Elbert, Ltd. v. Gross

260 P.2d 35, 41 Cal. 2d 322, 1953 Cal. LEXIS 278
CourtCalifornia Supreme Court
DecidedAugust 14, 1953
DocketL. A. 22222
StatusPublished
Cited by30 cases

This text of 260 P.2d 35 (Elbert, Ltd. v. Gross) is published on Counsel Stack Legal Research, covering California Supreme Court primary law. Counsel Stack provides free access to over 12 million legal documents including statutes, case law, regulations, and constitutions.

Bluebook
Elbert, Ltd. v. Gross, 260 P.2d 35, 41 Cal. 2d 322, 1953 Cal. LEXIS 278 (Cal. 1953).

Opinions

EDMONDS, J.

Elbert, Ltd., a corporation, sued to obtain a partition of certain real property. The appeal of Joseph M. Gross from a judgment in favor of Elbert presents for decision questions as to the validity of a tax deed.

The real property in controversy is an unimproved lot situated in the city of Los Angeles. In 1925, a street improvement bond was issued under the provisions of the Improvement Act of 1911. (Stats. 1911, p. 730; 3 Deering’s Gen. Laws, 1937, Act 8199; now Sts. & Hy. Code, div. 7, §§ 5000-6794.) The bond was foreclosed in 1946 and the property sold to one Sipe, who assigned his certificate of sale to the corporation. This certificate stated that the owner of the lot was “unknown.”

In 1945, the State of California conveyed the land to Gross by a deed based upon the nonpayment of taxes. Gross also holds a certificate of sale from the city treasurer issued to him pursuant to the foreclosure of a street improvement bond dated in 1928.
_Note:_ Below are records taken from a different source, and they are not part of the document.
(* Let $n\mid(q+1)$, let $r\ge1$ and $\delta\ge2$ be integers with $\delta$ even and $(r+\delta-1)\mid n$, and put $\nu=n/(r+\delta-1)$, $B=\{\alpha^{j}:-\tfrac{\delta-2}{2}\le j\le\tfrac{\delta-2}{2}\}$. Let $i\in\{0,1,\dots,\lfloor\frac{r-1}{2}\rfloor\}$. (1) For $\ell\in\{0,1,\dots,\lfloor\frac{\nu-2}{2}\rfloor\}$, let $A=\{\alpha^{j}:|j|\le \ell(r+\delta-1)+i\}\cup\{\alpha^{(\ell+e)(r+\delta-1)}:e=1,\dots,\nu-2\ell-1\}$. Then $C_{AB}$ is an optimal cyclic $(r,\delta)$-LRC over $\mathbb{F}_q$ with dimension $(\nu-2\ell)r-2i$ and minimum distance $\delta+2i+2\ell(r+\delta-1)$. (2) If $r+\delta-1$ is even, for $\ell\in\{0,1,\dots,\lfloor\frac{\nu-3}{2}\rfloor\}$ let $A=\{\alpha^{j}:|j|\le \frac{2\ell+1}{2}(r+\delta-1)+i\}\cup\{\alpha^{\frac{2\ell+1+2e}{2}(r+\delta-1)}:e=1,\dots,\nu-2\ell-2\}$. Then $C_{AB}$ is an optimal cyclic $(r,\delta)$-LRC over $\mathbb{F}_q$ with dimension $(\nu-2\ell-1)r-2i$ and minimum distance $\delta+2i+(2\ell+1)(r+\delta-1)$. (3) If $\nu$ is odd, for $\ell\in\{1,2,\dots,\frac{\nu-3}{2}\}$ let $A=\{\alpha^{j}:(\frac{\nu-1}{2}-\ell)(r+\delta-1)-i\le j\le(\frac{\nu+1}{2}+\ell)(r+\delta-1)+i\}\cup\{\alpha^{(\frac{\nu+1}{2}+\ell+e)(r+\delta-1)}:e=1,\dots,\nu-2\ell-2\}$. Then $C_{AB}$ is an optimal cyclic $(r,\delta)$-LRC over $\mathbb{F}_q$ with dimension $(\nu-2\ell-1)r-2i$ and minimum distance $\delta+2i+(2\ell+1)(r+\delta-1)$.
   Context: Let $q$ be a prime power and $n\mid(q+1)$, so the set $R_n$ of all $n$-th roots of unity lies in $\mathbb{F}_{q^2}$; let $\alpha\in\mathbb{F}_{q^2}$ be a primitive $n$-th root of unity; exponents of $\alpha$ are read modulo $n$. For $A,B\subseteq R_n$, $AB=\{\beta\gamma:\beta\in A,\gamma\in B\}$. For $Z\subseteq R_n$ such that $\{j:\alpha^j\in Z\}$ is closed under $j\mapsto -j\bmod n$ (equivalently a union of $q$-cyclotomic cosets modulo $n$), $C_Z$ denotes the cyclic code of length $n$ over $\mathbb{F}_q$ generated by $\prod_{\beta\in Z}(x-\beta)\in\mathbb{F}_q[x]$ in $\mathbb{F}_q[x]/(x^n-1)$ (dimension $n-|Z|$). Locality: for a linear code $C\subseteq\mathbb{F}_q^n$ and integers $r\ge1$, $\delta\ge2$, the $i$-th coordinate has $(r,\delta)$-locality if there is $S_i\subseteq\{1,\dots,n\}$ with $i\in S_i$, $|S_i|\le r+\delta-1$ such that the punctured code $C|_{S_i}$ has minimum distance at least $\delta$; $C$ is an $(r,\delta)$-LRC if every coordinate has $(r,\delta)$-locality. An $[n,k,d]$ $(r,\delta)$-LRC is optimal if $d=n-k-(\lceil k/r\rceil-1)(\delta-1)+1$ (always an upper bound on $d$). *)

theory Defs
  imports Main "HOL-Computational_Algebra.Polynomial"
begin

text \<open>The ambient field 'a plays the role of F_{q^2} (CARD('a) = q^2);
  F_q is its subfield of elements fixed by x \<mapsto> x^q.
  Vectors of length n are functions nat \<Rightarrow> 'a, coordinates 0..n-1 (zero outside).\<close>

definition Fq :: "nat \<Rightarrow> 'a::field set" where
  "Fq q = {x. x ^ q = x}"

definition prime_power :: "nat \<Rightarrow> bool" where
  "prime_power q \<longleftrightarrow> (\<exists>p m. prime p \<and> m \<ge> 1 \<and> q = p ^ m)"

definition setmult :: "'a::times set \<Rightarrow> 'a set \<Rightarrow> 'a set" where
  "setmult A B = {b * c | b c. b \<in> A \<and> c \<in> B}"

definition gen_poly :: "'a::field set \<Rightarrow> 'a poly" where
  "gen_poly Z = (\<Prod>\<beta>\<in>Z. [:- \<beta>, 1:])"

definition cyclic_code :: "nat \<Rightarrow> nat \<Rightarrow> 'a::field set \<Rightarrow> (nat \<Rightarrow> 'a) set" where
  "cyclic_code q n Z =
     {c. \<exists>m. (\<forall>j. coeff m j \<in> Fq q) \<and>
             c = (\<lambda>j. if j < n then coeff ((m * gen_poly Z) mod (monom 1 n - 1)) j else 0)}"

definition linear_code_Fq :: "nat \<Rightarrow> nat \<Rightarrow> (nat \<Rightarrow> 'a::field) set \<Rightarrow> bool" where
  "linear_code_Fq q n C \<longleftrightarrow>
     (\<forall>c\<in>C. \<forall>j. c j \<in> Fq q \<and> (j \<ge> n \<longrightarrow> c j = 0)) \<and>
     (\<lambda>_. 0) \<in> C \<and>
     (\<forall>c\<in>C. \<forall>c'\<in>C. (\<lambda>j. c j + c' j) \<in> C) \<and>
     (\<forall>a\<in>Fq q. \<forall>c\<in>C. (\<lambda>j. a * c j) \<in> C)"

definition code_dim :: "nat \<Rightarrow> (nat \<Rightarrow> 'a) set \<Rightarrow> nat \<Rightarrow> bool" where
  "code_dim q C k \<longleftrightarrow> card C = q ^ k"

definition hweight :: "nat \<Rightarrow> (nat \<Rightarrow> 'a::zero) \<Rightarrow> nat" where
  "hweight n c = card {j. j < n \<and> c j \<noteq> 0}"

definition min_dist :: "nat \<Rightarrow> (nat \<Rightarrow> 'a::zero) set \<Rightarrow> nat" where
  "min_dist n C = Min (hweight n ` (C - {\<lambda>_. 0}))"

definition punctured :: "nat set \<Rightarrow> (nat \<Rightarrow> 'a::zero) set \<Rightarrow> (nat \<Rightarrow> 'a) set" where
  "punctured S C = (\<lambda>c j. if j \<in> S then c j else 0) ` C"

definition dist_at_least :: "nat \<Rightarrow> (nat \<Rightarrow> 'a::zero) set \<Rightarrow> nat \<Rightarrow> bool" where
  "dist_at_least n C d \<longleftrightarrow> (\<forall>c\<in>C. c \<noteq> (\<lambda>_. 0) \<longrightarrow> hweight n c \<ge> d)"

definition is_LRC :: "nat \<Rightarrow> nat \<Rightarrow> nat \<Rightarrow> (nat \<Rightarrow> 'a::zero) set \<Rightarrow> bool" where
  "is_LRC n r \<delta> C \<longleftrightarrow>
     (\<forall>i<n. \<exists>S. S \<subseteq> {..<n} \<and> i \<in> S \<and> card S \<le> r + \<delta> - 1 \<and>
              dist_at_least n (punctured S C) \<delta>)"

definition optimal_LRC ::
  "nat \<Rightarrow> nat \<Rightarrow> nat \<Rightarrow> nat \<Rightarrow> (nat \<Rightarrow> 'a::field) set \<Rightarrow> nat \<Rightarrow> nat \<Rightarrow> bool" where
  "optimal_LRC q n r \<delta> C k d \<longleftrightarrow>
     linear_code_Fq q n C \<and> code_dim q C k \<and> min_dist n C = d \<and> is_LRC n r \<delta> C \<and>
     int d = int n - int k - (\<lceil>real k / real r\<rceil> - 1) * (int \<delta> - 1) + 1"

end

theory Submission
  imports Defs "HOL-Computational_Algebra.Primes" "HOL-Algebra.Ring"
begin

text \<open>Write \<open>m = r + \<delta> - 1\<close> and \<open>n = \<nu> m\<close>. In each case the exponents of \<open>Z = AB\<close> form
  one run of consecutive integers together with blocks of \<open>\<delta> - 1\<close> consecutive integers centred
  at \<open>c + e m\<close>; the run swallows the missing blocks, so \<open>Z\<close> contains \<open>\<nu>\<close> such blocks spaced
  \<open>m\<close> apart. Grouping the coordinates by their residue modulo \<open>\<nu>\<close>, a Vandermonde argument
  turns these blocks into \<open>\<delta> - 1\<close> consecutive zeros for each group, and the BCH bound makes
  every group of \<open>m\<close> coordinates a repair group of distance \<open>\<delta>\<close>. The run gives, again by
  the BCH bound, the lower bound on the minimum distance. Since \<open>n\<close> divides \<open>q + 1\<close>, the
  Frobenius inverts the \<open>n\<close>-th roots of unity, so the inverse-closed set \<open>Z\<close> defines a code
  over \<open>F\<^sub>q\<close> of dimension \<open>n - |Z|\<close>. Conversely, counting gives a nonzero codeword that
  vanishes on \<open>r\<close> coordinates of each of the first few groups and on a few more; by locality
  it vanishes on those groups entirely, and its weight meets the Singleton-like bound.\<close>

section \<open>Finite fields, power sums and generator polynomials\<close>

lemma CHAR_dvd_card_UNIV: "CHAR('a::{ring_1,finite}) dvd card (UNIV :: 'a set)"
proof -
  have "(\<Sum>x\<in>(UNIV :: 'a set). x + 1) = (\<Sum>x\<in>(UNIV :: 'a set). x)"
    by (rule sum.reindex_bij_witness[of _ "\<lambda>x. x - 1" "\<lambda>x. x + 1"]) auto
  hence "of_nat (card (UNIV :: 'a set)) = (0 :: 'a)"
    by (simp add: sum.distrib)
  thus ?thesis
    by (simp add: of_nat_eq_0_iff_char_dvd)
qed

text \<open>The library proves this for the class \<open>finite_field\<close> only; for the sort
  \<open>{field, finite}\<close> it follows from Lagrange's theorem in the unit group.\<close>

lemma finite_field_power_card_eq_self:
  fixes x :: "'a::{field,finite}"
  shows "x ^ card (UNIV :: 'a set) = x"
proof (cases "x = 0")
  case False
  define R :: "'a ring" where "R = \<lparr>carrier = UNIV, monoid.mult = (*), one = 1, zero = 0, add = (+)\<rparr>"
  interpret cring R
    unfolding R_def by unfold_locales (auto simp: algebra_simps Units_def intro: exI[of _ "- _"])
  have units: "Units R = UNIV - {0}"
    unfolding R_def Units_def by auto (metis left_inverse right_inverse)
  have pow: "y [^]\<^bsub>R\<^esub> k = y ^ k" for y :: 'a and k
    by (induction k) (simp_all add: R_def)
  define k where "k = card (UNIV - {0 :: 'a})"
  have "x ^ k = 1"
    using units_power_order_eq_one[of x] False by (simp add: k_def units pow) (simp add: R_def)
  moreover have "card (UNIV :: 'a set) = Suc k"
    using card_Suc_Diff1[of UNIV "0 :: 'a"] by (simp add: k_def)
  ultimately show ?thesis
    by simp
qed (simp add: card_gt_0_iff)

lemma vandermonde_sums_eq_0_imp_eq_0:
  fixes x y :: "'b \<Rightarrow> 'a::field"
  assumes T: "finite T" and inj: "inj_on x T"
    and sums: "\<And>t. t < card T \<Longrightarrow> (\<Sum>s\<in>T. y s * x s ^ t) = 0"
    and s0: "s0 \<in> T"
  shows "y s0 = 0"
proof -
  define p where "p = (\<Prod>s\<in>T - {s0}. [:- x s, 1:])"
  have "card T > 0"
    using T s0 by (auto simp: card_gt_0_iff)
  hence degree_p: "degree p < card T"
    unfolding p_def using T s0 by (subst degree_prod_eq_sum_degree) auto
  have "y s0 * poly p (x s0) = (\<Sum>s\<in>T. y s * poly p (x s))"
    using T s0 by (intro sum.remove[of T s0, THEN trans, symmetric])
      (auto simp: p_def poly_prod intro!: sum.neutral)
  also have "\<dots> = (\<Sum>i\<le>degree p. coeff p i * (\<Sum>s\<in>T. y s * x s ^ i))"
    by (simp add: poly_altdef sum_distrib_left sum_distrib_right mult_ac sum.swap[of _ T])
  also have "\<dots> = 0"
    using degree_p sums by (intro sum.neutral) auto
  finally have "y s0 * poly p (x s0) = 0" .
  moreover have "poly p (x s0) \<noteq> 0"
    using T inj s0 by (auto simp: p_def poly_prod prod_zero_iff inj_on_def)
  ultimately show ?thesis
    by simp
qed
After the expiration of the time within which the lot could have been redeemed from the sale in connection with the foreclosure of the 1925 bond, the city treasurer conveyed the lot to Elbert. At that time, Gross was the record owner of the property, and it has been stipulated that he was not served with notice of the corporation’s application for a deed.

The present action for partition is based upon the theory that under the parity principle (Monheit v. Cigna, 28 Cal.2d 19 [168 P.2d 965, 167 A.L.R. 995]; Elbert, Ltd. v. Nolan, 32 Cal.2d 610 [197 P.2d 537]; Stafford v. Realty Bond Service Corp., 39 Cal.2d 797 [249 P.2d 241]), Elbert and Gross are eoowners of the lot. Gross answered the complaint, denying the validity of the deed to Elbert and seeking by cross-complaint to quiet his title against the claims of the corporation. In the alternative, he sought an equitable lien against the proceeds of a partition sale for the amount of certain real property taxes and expenses paid by him in connection with the property.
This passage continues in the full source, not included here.